Ya no la vería dar sus primeros pasos ni crecer día a día, pero a partir de entonces tendría la oportunidad, y no iba a desperdiciarla, de estar junto a ella, de conocerla y de ejercer como progenitor.

—¿De verdad quieres a mamá? —preguntó ella con la voz amortiguada.

—Sí.

—Pero…

—No te preocupes por eso, me alegra saber que consideras a Rebeca una amiga. Sin embargo, ella y yo nunca podríamos ser un matrimonio feliz, ella lo sabe y bueno… Supongo que vas a enterarte dentro de poco. Parker la quiere y yo no voy a poner ninguna traba.

—¡¿Justin?! Pe… pero no puede ser… él… yo pensaba que él y mamá…

Explicarle a una joven ese tipo de cosas suponía entrar en detalles que de momento prefería evitar. Así que recondujo el tema.

—En cuanto sea un hombre libre, le pediré a tu madre que se case conmigo.

—No sé si podré perdonarla.

—Escúchala —insistió él con cariño—. Es una mujer increíble y todo lo que ha hecho ha sido por ti, créeme.

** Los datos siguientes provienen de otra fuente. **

lemma dlog:
  assumes "coeff g 0 \<noteq> 0"
  shows dlog_in_prime_subfield: "dlog g \<in> prime_subfield" and psi_dlog: "psi (dlog g) = chi g"
proof -
  obtain y where y: "y \<in> prime_subfield" "psi y = chi g"
    using psi_surj[OF chi_pow_p[OF assms]] by blast
  have "(THE y. y \<in> prime_subfield \<and> psi y = chi g) = y"
    using y by (intro the_equality) (auto simp: psi_eq_iff[symmetric])
  thus "dlog g \<in> prime_subfield" "psi (dlog g) = chi g"
    using y assms by (simp_all add: dlog_def)
qed

lemma dlog_mult:
  assumes "coeff g 0 \<noteq> 0" "coeff h 0 \<noteq> 0"
  shows "dlog (g * h) = dlog g + dlog h"
proof -
  have "coeff (g * h) 0 \<noteq> 0"
    using assms by (simp add: coeff_mult_0)
  moreover have "psi (dlog g + dlog h) = chi (g * h)"
    using assms by (simp add: dlog psi_add chi_mult)
  ultimately show ?thesis
    using assms by (simp add: dlog psi_eq_iff[symmetric] prime_subfield_add)
qed

lemma dlog_cong:
  assumes "coeff g 0 \<noteq> 0" "\<And>i. i \<le> d \<Longrightarrow> coeff g i = coeff h i"
  shows "dlog g = dlog h"
proof -
  have "coeff h 0 \<noteq> 0"
    using assms by auto
  thus ?thesis
    using assms chi_cong[OF assms(2)] by (simp add: dlog psi_eq_iff[symmetric])
qed

lemma dlog_1 [simp]: "dlog 1 = 0"
proof -
  have "dlog (1 * 1) = dlog 1 + dlog 1"
    by (rule dlog_mult) simp_all
  thus ?thesis
    by (simp only: mult_1 add_cancel_right_right)
qed

lemma dlog_power: "coeff h 0 \<noteq> 0 \<Longrightarrow> dlog (h ^ m) = of_nat m * dlog h"
proof (induction m)
  case (Suc m)
  have "coeff (h ^ m) 0 \<noteq> 0"
    using Suc.prems by (simp add: coeff_0_power)
  thus ?case
    using Suc by (simp add: dlog_mult algebra_simps)
qed simp

text \<open>The remaining power sums \<open>s\<^sub>k\<close>, \<open>k \<le> d\<close>, are determined by \<open>s\<^sub>p\<^sub>m = s\<^sub>m\<^sup>p\<close>.\<close>
definition free_indices :: "nat set" where
  "free_indices = {k. 1 \<le> k \<and> k \<le> d \<and> \<not> p dvd k}"

lemma finite_free_indices: "finite free_indices"
  by (rule finite_subset[of _ "{..d}"]) (auto simp: free_indices_def)

lemma newton_sums_vanish:
  fixes g :: "'a poly"
  assumes g0: "coeff g 0 \<noteq> 0" and z: "\<forall>k\<in>free_indices. newton_sum g k = 0"
  shows "1 \<le> k \<Longrightarrow> k \<le> d \<Longrightarrow> newton_sum g k = 0"
proof (induction k rule: less_induct)
  case (less k)
  show ?case
  proof (cases "p dvd k")
    case False
    thus ?thesis
      using z less.prems by (auto simp: free_indices_def)
  next
    case True
    then obtain m where m: "k = p * m"
      by (elim dvdE)
    have m1: "1 \<le> m"
      using less.prems m by (cases m) auto
    have "m < k"
      using m m1 p_gt_1 by simp
    hence "newton_sum g m = 0"
      using less.IH[of m] m1 less.prems by simp
    thus ?thesis
      using newton_sum_CHAR_mult[of g m] g0 m1 m p_gt_1 prime_p by (simp add: CHAR_eq)
  qed
qed

lemma coeff_eq_0_if_newton_sums_vanish:
  fixes g :: "'a poly"
  assumes g0: "coeff g 0 \<noteq> 0" and z: "\<forall>k\<in>free_indices. newton_sum g k = 0"
    and k: "k \<in> free_indices"
  shows "coeff g k = 0"
proof -
  have k1: "1 \<le> k" "k \<le> d" "\<not> p dvd k"
    using k by (auto simp: free_indices_def)
  have "(\<Sum>i\<in>{1..<k}. coeff g i * newton_sum g (k - i)) = 0"
    using newton_sums_vanish[OF g0 z] k1 by (intro sum.neutral) auto
  hence "newton_sum g k = - of_nat k * coeff g k / coeff g 0"
    using k1 by (subst newton_sum.simps) simp
  hence "of_nat k * coeff g k = 0"
    using z k g0 by (simp add: field_simps)
  thus ?thesis
    using k1(3) by (simp add: of_nat_eq_0_iff)
qed

text \<open>If the free power sums of \<open>g\<close> vanish, then \<open>g \<equiv> h\<^sup>p\<close> and \<open>dlog g = p \<cdot> dlog h = 0\<close>.\<close>
lemma dlog_eq_0_if_newton_sums_vanish:
  assumes g0: "coeff g 0 \<noteq> 0" and z: "\<forall>k\<in>free_indices. newton_sum g k = 0"
  shows "dlog g = 0"
proof -
  have "coeff g k = 0" if "1 \<le> k" "k \<le> d" "\<not> p dvd k" for k
    using that coeff_eq_0_if_newton_sums_vanish[OF g0 z] by (simp add: free_indices_def)
  then obtain h where h: "\<forall>i\<le>d. coeff (h ^ p) i = coeff g i"
    using exists_pth_root_mod_X_power by blast
  hence "coeff h 0 ^ p = coeff g 0"
    by (metis coeff_0_power le0)
  hence h0: "coeff h 0 \<noteq> 0"
    using g0 p_gt_1 by (cases "coeff h 0 = 0") (auto simp: power_0_left)
  moreover have "dlog (h ^ p) = dlog g"
    using h h0 by (intro dlog_cong) (auto simp: coeff_0_power)
  ultimately show ?thesis
    using dlog_power[of h p] by simp
qed

lemma dlog_eq_if_newton_sums_eq:
  fixes g g' :: "'a poly"
  assumes g0: "coeff g 0 \<noteq> 0" and g0': "coeff g' 0 \<noteq> 0"
    and eq: "\<forall>k\<in>free_indices. newton_sum g k = newton_sum g' k"
  shows "dlog g = dlog g'"
proof -
  obtain u where "monom 1 (d + 1) dvd g' * u - 1"
    using exists_inverse_mod_X_power[OF g0'] by blast
  hence cu: "coeff (g' * u) i = coeff 1 i" if "i \<le> d" for i
    using that by (simp add: monom_1_dvd_iff')
  hence gu0: "coeff (g' * u) 0 \<noteq> 0"
    by simp
  hence u0: "coeff u 0 \<noteq> 0"
    by (simp add: coeff_mult_0)
  have "newton_sum (g' * u) k = 0" if "k \<le> d" for k
    using newton_sum_cong[of k "g' * u" 1] cu that by simp
  hence "\<forall>k\<in>free_indices. newton_sum (g * u) k = 0"
    using eq g0 g0' u0 by (simp add: newton_sum_mult free_indices_def)
  hence "dlog g + dlog u = 0"
    using g0 u0 dlog_eq_0_if_newton_sums_vanish[of "g * u"] by (simp add: coeff_mult_0 dlog_mult)
  moreover have "dlog g' + dlog u = 0"
    using dlog_cong[OF gu0 cu] g0' u0 by (simp add: dlog_mult)
  ultimately show ?thesis
    by (metis add_right_cancel)
qed

lemma exists_newton_sums:
  "\<exists>g :: 'a poly. coeff g 0 = 1 \<and> (\<forall>k\<in>free_indices. newton_sum g k = v k)"
proof -
  \<comment> \<open>fix the free power sums one at a time, in increasing order, by factors \<open>1 + c x\<^sup>m\<close>\<close>
  have "\<exists>g :: 'a poly. coeff g 0 = 1 \<and> (\<forall>k\<in>free_indices. k < m \<longrightarrow> newton_sum g k = v k)" for m
  proof (induction m)
    case 0
    show ?case
      by (intro exI[of _ 1]) simp
  next
    case (Suc m)
    then obtain g :: "'a poly"
      where g: "coeff g 0 = 1" "\<forall>k\<in>free_indices. k < m \<longrightarrow> newton_sum g k = v k"
      by blast
    show ?case
    proof (cases "m \<in> free_indices")
      case False
      thus ?thesis
        using g by (intro exI[of _ g]) (auto simp: less_Suc_eq)
    next
      case True
      hence m1: "1 \<le> m" and pm: "\<not> p dvd m"
        by (auto simp: free_indices_def)
      define b where "b = 1 + monom ((newton_sum g m - v m) / of_nat m) m"
      have b0: "coeff b 0 = 1"
        using m1 by (simp add: b_def coeff_monom)
      have "newton_sum (g * b) k = v k" if "k \<in> free_indices" "k < Suc m" for k
      proof -
        have "newton_sum (g * b) k = newton_sum g k + newton_sum b k"
          using g b0 by (intro newton_sum_mult) auto
        thus ?thesis
          using that g m1 pm by (auto simp: b_def newton_sum_one_plus_monom of_nat_eq_0_iff)
      qed
      moreover have "coeff (g * b) 0 = 1"
        using g b0 by (simp add: coeff_mult_0)
      ultimately show ?thesis
        by blast
    qed
  qed
  from this[of "Suc d"] show ?thesis
    by (auto simp: free_indices_def)
qed

text \<open>\<open>dlog\<close> as a function of the vector of free power sums, well defined by
  \<open>dlog_eq_if_newton_sums_eq\<close>.\<close>
definition dlog_vec :: "(nat \<Rightarrow> 'a) \<Rightarrow> 'a" where
  "dlog_vec v = dlog (SOME g. coeff g 0 \<noteq> 0 \<and> (\<forall>k\<in>free_indices. newton_sum g k = v k))"

lemma dlog_vec_newton_sums: "coeff g 0 \<noteq> 0 \<Longrightarrow> dlog_vec (newton_sum g) = dlog g"
  unfolding dlog_vec_def
  by (rule someI2[of _ g]) (auto intro: dlog_eq_if_newton_sums_eq)

lemma dlog_vec_cong: "(\<And>k. k \<in> free_indices \<Longrightarrow> v k = w k) \<Longrightarrow> dlog_vec v = dlog_vec w"
  unfolding dlog_vec_def by (metis (mono_tags, lifting))

lemma dlog_vec_eq_dlog:
  "\<exists>g. coeff g 0 \<noteq> 0 \<and> dlog_vec v = dlog g \<and> (\<forall>k\<in>free_indices. newton_sum g k = v k)"
proof -
  obtain g :: "'a poly" where g: "coeff g 0 = 1" "\<forall>k\<in>free_indices. newton_sum g k = v k"
    using exists_newton_sums by blast
  hence "dlog_vec v = dlog g"
    using dlog_vec_cong[of v "newton_sum g"] dlog_vec_newton_sums[of g] by simp
  thus ?thesis
    using g by (intro exI[of _ g]) auto
qed

lemma dlog_vec_in_prime_subfield: "dlog_vec v \<in> prime_subfield"
  using dlog_vec_eq_dlog[of v] dlog_in_prime_subfield by auto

Victoria se apartó lentamente de él, aún confundida y dolida; resultaba tan difícil de asimilar… tan complicado de entender…

Se acercó a la puerta con la idea de dar una oportunidad a su madre; oiría su versión, sí, pero no pensaba cambiar de opinión, algo así no se oculta durante tanto tiempo.

Justo antes de salir se giró y miró a su padre y, al hacerlo, cayó en la cuenta de un detalle.

—Si tú eres mi padre… —La chica se mordió el labio antes de continuar—, eso quiere decir que doña Amalia es mi abuela —afirmó como si de todo aquello fuera la mejor parte.

—Sí —contestó y entre dientes dijo—: Por desgracia, así es.